2. Materials and Methods

2.1. Structure

The network structure of the hybrid convolution and spectral symmetry preservation network (HSSPN) is shown in Figure 1, which includes five parts: image input, feature extraction, feature fusion, image reconstruction, and image output. The network model is designed to improve the spatial resolution of the high-spectral image while maximizing the preservation of the spectral characteristics of the original high-spectral image. The spectral reflectance of adjacent spectral bands has high similarity, which represents similar spectral information between adjacent bands. While preserving the spectral information, fusing the spatial information of adjacent bands can effectively improve the spatial resolution of the low-resolution bands. Therefore, the input of the network consists of the low-resolution image LR_t of the t-th band and the adjacent band images LR_t+1 and LR_t−1, as shown in Equation (1).

F_{input} = {\begin{array}{l} [f_{X} (I_{1}^{L R}), f_{Y} (I_{1}^{L R}, I_{2}^{L R}, I_{3}^{L R})], t = 1 \\ [f_{X} (I_{t}^{L R}), f_{Y} (I_{t - 1}^{L R}, I_{t}^{L R}, I_{t + 1}^{L R})], 1 < t < L \\ [f_{X} (I_{L}^{L R}), f_{Y} (I_{L - 2}^{L R}, I_{L - 1}^{L R}, I_{L}^{L R})], t = L \end{array}

(1)

When the first spectral band is selected, the adjacent bands are the second and third bands; when the last spectral band is selected, the adjacent bands are the second-to-last and third-to-last bands.

The feature extraction network structure uses two parallel networks, one for extracting multi-channel information and the other for extracting single-channel information. A shallow feature fusion module, denoted as DS, is added between the two parallel networks to fuse their features. To balance efficiency and performance, the multi-channel feature network uses the more flexible Res3D spatial-spectral symmetric 3D convolution module to extract multi-channel features, while the single-channel feature extraction network uses deformable convolution to extract shallow region features. Deep spatial features are extracted by mixed ECA attention mechanisms and a 2D residual convolution module (MER). The feature fusion network consists of two modules: the channel feature fusion module (CF) and the incremental feature fusion module (IF). The CF module fuses multi-channel features and single-channel features, while the IF module fuses incremental contextual spatial features. Both fusion modules deeply fuse spatial and spectral information between bands. To capture global information, the image reconstruction module uses Fourier transform upsampling and 2D convolution to reconstruct the image. The L1 loss combined with gradient loss (GV) is used as the loss function for the entire network.

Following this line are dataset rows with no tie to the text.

(* The functional phi Z = E[E(Z | Y) W] is midpoint-affine on the convex set D and, because
   W \<in> L1_s(E(D | Y)) and conditional expectation is an L1-contraction, it is bounded and
   uniformly L1-continuous on D.  Weak compactness of D is avoided as follows: on the sublevel
   sets C_k = {phi \<le> inf phi + 1/(k+1)} minimise the strictly convex functional
   H Z = E[1 / (1 + Z)].  Uniform integrability of D turns small midpoint defects of H into
   small L1 distances, so a sequence of near-minimisers of H on C_k is L1-Cauchy; a subsequence
   converges in L1 to some f, which lies in D by closedness and minimises phi by continuity.
   Then E_Q W = phi Z for Q = E(Z | Y), so E(f | Y) is an extreme measure. *)

section \<open>Expectations under densities\<close>

lemma PsetD:
  assumes "Q \<in> Pset M"
  shows "Q \<in> borel_measurable M" "integrable M Q" "AE x in M. 0 \<le> Q x" "integral\<^sup>L M Q = 1"
  using assms by (auto simp: Pset_def)

lemma Pset_midpoint: "Z1 \<in> Pset M \<Longrightarrow> Z2 \<in> Pset M \<Longrightarrow> (\<lambda>x. (Z1 x + Z2 x) / 2) \<in> Pset M"
  unfolding Pset_def by auto

lemma signed_difference_midpoint:
  fixes p n p1 n1 p2 n2 :: ennreal
  defines "sd a b \<equiv> (if a = \<infinity> \<and> b = \<infinity> then - \<infinity> else enn2ereal a - enn2ereal b :: ereal)"
  assumes "p + p = p1 + p2" and "n + n = n1 + n2"
  shows "min (sd p1 n1) (sd p2 n2) \<le> sd p n"
  using assms(2,3)
  by (cases p; cases n; cases p1; cases n1; cases p2; cases n2)
    (auto simp: sd_def min_le_iff_disj ennreal_plus[symmetric] simp del: ennreal_plus)

lemma nn_integral_midpoint:
  assumes "Z1 \<in> Pset M" "Z2 \<in> Pset M"
    and [measurable]: "t \<in> borel_measurable M" and "\<And>x. 0 \<le> t x"
  shows "(\<integral>\<^sup>+ x. ennreal ((Z1 x + Z2 x) / 2 * t x) \<partial>M) + (\<integral>\<^sup>+ x. ennreal ((Z1 x + Z2 x) / 2 * t x) \<partial>M)
       = (\<integral>\<^sup>+ x. ennreal (Z1 x * t x) \<partial>M) + (\<integral>\<^sup>+ x. ennreal (Z2 x * t x) \<partial>M)"
proof -
  have [measurable]: "Z1 \<in> borel_measurable M" "Z2 \<in> borel_measurable M"
    using assms(1,2) by (auto simp: Pset_def)
  have "AE x in M. 0 \<le> Z1 x" "AE x in M. 0 \<le> Z2 x"
    using assms(1,2) by (auto simp: Pset_def)
  then have "AE x in M. ennreal ((Z1 x + Z2 x) / 2 * t x) + ennreal ((Z1 x + Z2 x) / 2 * t x)
      = ennreal (Z1 x * t x) + ennreal (Z2 x * t x)"
  proof eventually_elim
    case (elim x)
    then show ?case
      using assms(4)[of x] by (simp add: ennreal_plus[symmetric] field_simps del: ennreal_plus)
  qed
  then show ?thesis
    by (subst (1 2) nn_integral_add[symmetric]) (auto intro: nn_integral_cong_AE)
qed

lemma EQ_midpoint_ge_min:
  assumes "Z1 \<in> Pset M" "Z2 \<in> Pset M" and [measurable]: "X \<in> borel_measurable M"
  shows "min (EQ M Z1 X) (EQ M Z2 X) \<le> EQ M (\<lambda>x. (Z1 x + Z2 x) / 2) X"
  unfolding EQ_def Let_def
  by (intro signed_difference_midpoint nn_integral_midpoint[OF assms(1,2)]) auto

lemma determining_set_midpoint:
  assumes "Z1 \<in> determining_set M u" "Z2 \<in> determining_set M u"
  shows "(\<lambda>x. (Z1 x + Z2 x) / 2) \<in> determining_set M u"
proof -
  have "u X \<le> EQ M (\<lambda>x. (Z1 x + Z2 x) / 2) X" if "X \<in> borel_measurable M" for X
    using assms that EQ_midpoint_ge_min[of Z1 M Z2 X]
    by (auto simp: determining_set_def min_def split: if_splits intro: order_trans)
  with assms show ?thesis
    by (auto simp: determining_set_def Pset_midpoint)
qed

lemma determining_set_nonempty:
  assumes "coherent_utility M u"
  shows "determining_set M u \<noteq> {}"
proof -
  obtain D where "D \<noteq> {}" "D \<subseteq> Pset M" "\<forall>X \<in> borel_measurable M. u X = (INF Q\<in>D. EQ M Q X)"
    using assms unfolding coherent_utility_def by blast
  then have "D \<subseteq> determining_set M u"
    by (auto simp: determining_set_def intro: INF_lower)
  with \<open>D \<noteq> {}\<close> show ?thesis by blast
qed

lemma EQ_eq_integral:
  assumes [measurable]: "Q \<in> borel_measurable M" "X \<in> borel_measurable M"
    and "AE x in M. 0 \<le> Q x" and "integrable M (\<lambda>x. Q x * X x)"
  shows "EQ M Q X = ereal (\<integral>x. Q x * X x \<partial>M)"
proof -
  have "integrable M (\<lambda>x. Q x * max (X x) 0)" "integrable M (\<lambda>x. Q x * max (- X x) 0)"
    by (auto intro!: Bochner_Integration.integrable_bound[OF assms(4)] simp: abs_mult mult_left_mono)
  moreover have "AE x in M. 0 \<le> Q x * max (X x) 0" "AE x in M. 0 \<le> Q x * max (- X x) 0"
    using assms(3) by auto
  moreover have "(\<lambda>x. Q x * X x) = (\<lambda>x. Q x * max (X x) 0 - Q x * max (- X x) 0)"
    by (auto simp: fun_eq_iff max_def algebra_simps)
  ultimately show ?thesis
    unfolding EQ_def Let_def
    by (simp add: nn_integral_eq_integral integral_nonneg_AE)
qed

section \<open>Uniform tails\<close>

lemma SUP_tendsto_0_uniform:
  fixes T :: "'z \<Rightarrow> nat \<Rightarrow> ennreal"
  assumes "(\<lambda>n. SUP z\<in>A. T z n) \<longlonglongrightarrow> 0" and "0 < e"
  obtains N where "\<And>z. z \<in> A \<Longrightarrow> T z N < e"
proof -
  obtain N where N: "(SUP z\<in>A. T z N) < e"
    using order_tendstoD(2)[OF assms] by (auto simp: eventually_sequentially)
  show thesis
    by (rule that) (rule SUP_lessD[OF N])
qed

lemma integral_less_if_nn_integral_less:
  assumes [measurable]: "f \<in> borel_measurable M" and "AE x in M. 0 \<le> f x"
    and less: "(\<integral>\<^sup>+ x. ennreal (f x) \<partial>M) < ennreal e"
  shows "integrable M f" and "integral\<^sup>L M f < e"
proof -
  show "integrable M f"
    using assms by (intro integrableI_nonneg) (auto simp: top.not_eq_extremum intro: order.strict_trans)
  then have "ennreal (integral\<^sup>L M f) < ennreal e"
    using assms by (simp add: nn_integral_eq_integral)
  then show "integral\<^sup>L M f < e"
    by (metis ennreal_leI not_le)
qed

lemma abs_mult_le_truncation:
  fixes q w c :: real
  assumes "0 \<le> q" "0 \<le> c"
  shows "\<bar>q * w\<bar> \<le> c * q + (if c < \<bar>w\<bar> then q * \<bar>w\<bar> else 0)"
  using assms mult_left_mono[of "\<bar>w\<bar>" c q] mult_nonneg_nonneg[of c q]
  by (auto simp: abs_mult mult.commute)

2.2. Feature Extraction Module

The feature extraction process is mainly divided into two parallel networks: single-band feature extraction and multi-band feature extraction. At the same time, a shallow feature fusion module is added between the parallel networks.

2.2.1. Multi-Band Feature Extraction Network

The multi-channel feature extraction network is composed of several Res3D modules in series. Res3D is a residual network with spatially symmetric 3D convolution as its core. In this paper, 3D convolution is used to extract multi-channel features. Unlike 2D convolution, 3D convolution uses a three-dimensional convolution kernel to extract multi-dimensional information, which can analyze spatial dimension information and extract spectral dimension information at the same time. Three-dimensional convolution extracts features by sampling the input feature x with a 3D convolution kernel and weighting the sampled values with the function w, as shown in Equation (2) below when using a 3 × 3 × 3 convolution kernel:

y (p_{0}) = \sum_{n = 1}^{N} w (p_{n}) \cdot x (p_{0} + p_{n})

(2)

where P₀ represents the position of the output feature, and P_n and n represent the position and index of the 3 × 3 × 3 convolution kernel sampling grid. N represents the size of the sampling grid, and x represents the input multi-channel feature tensor I_t−1^LR, I_t^LR, I_t+1^LR.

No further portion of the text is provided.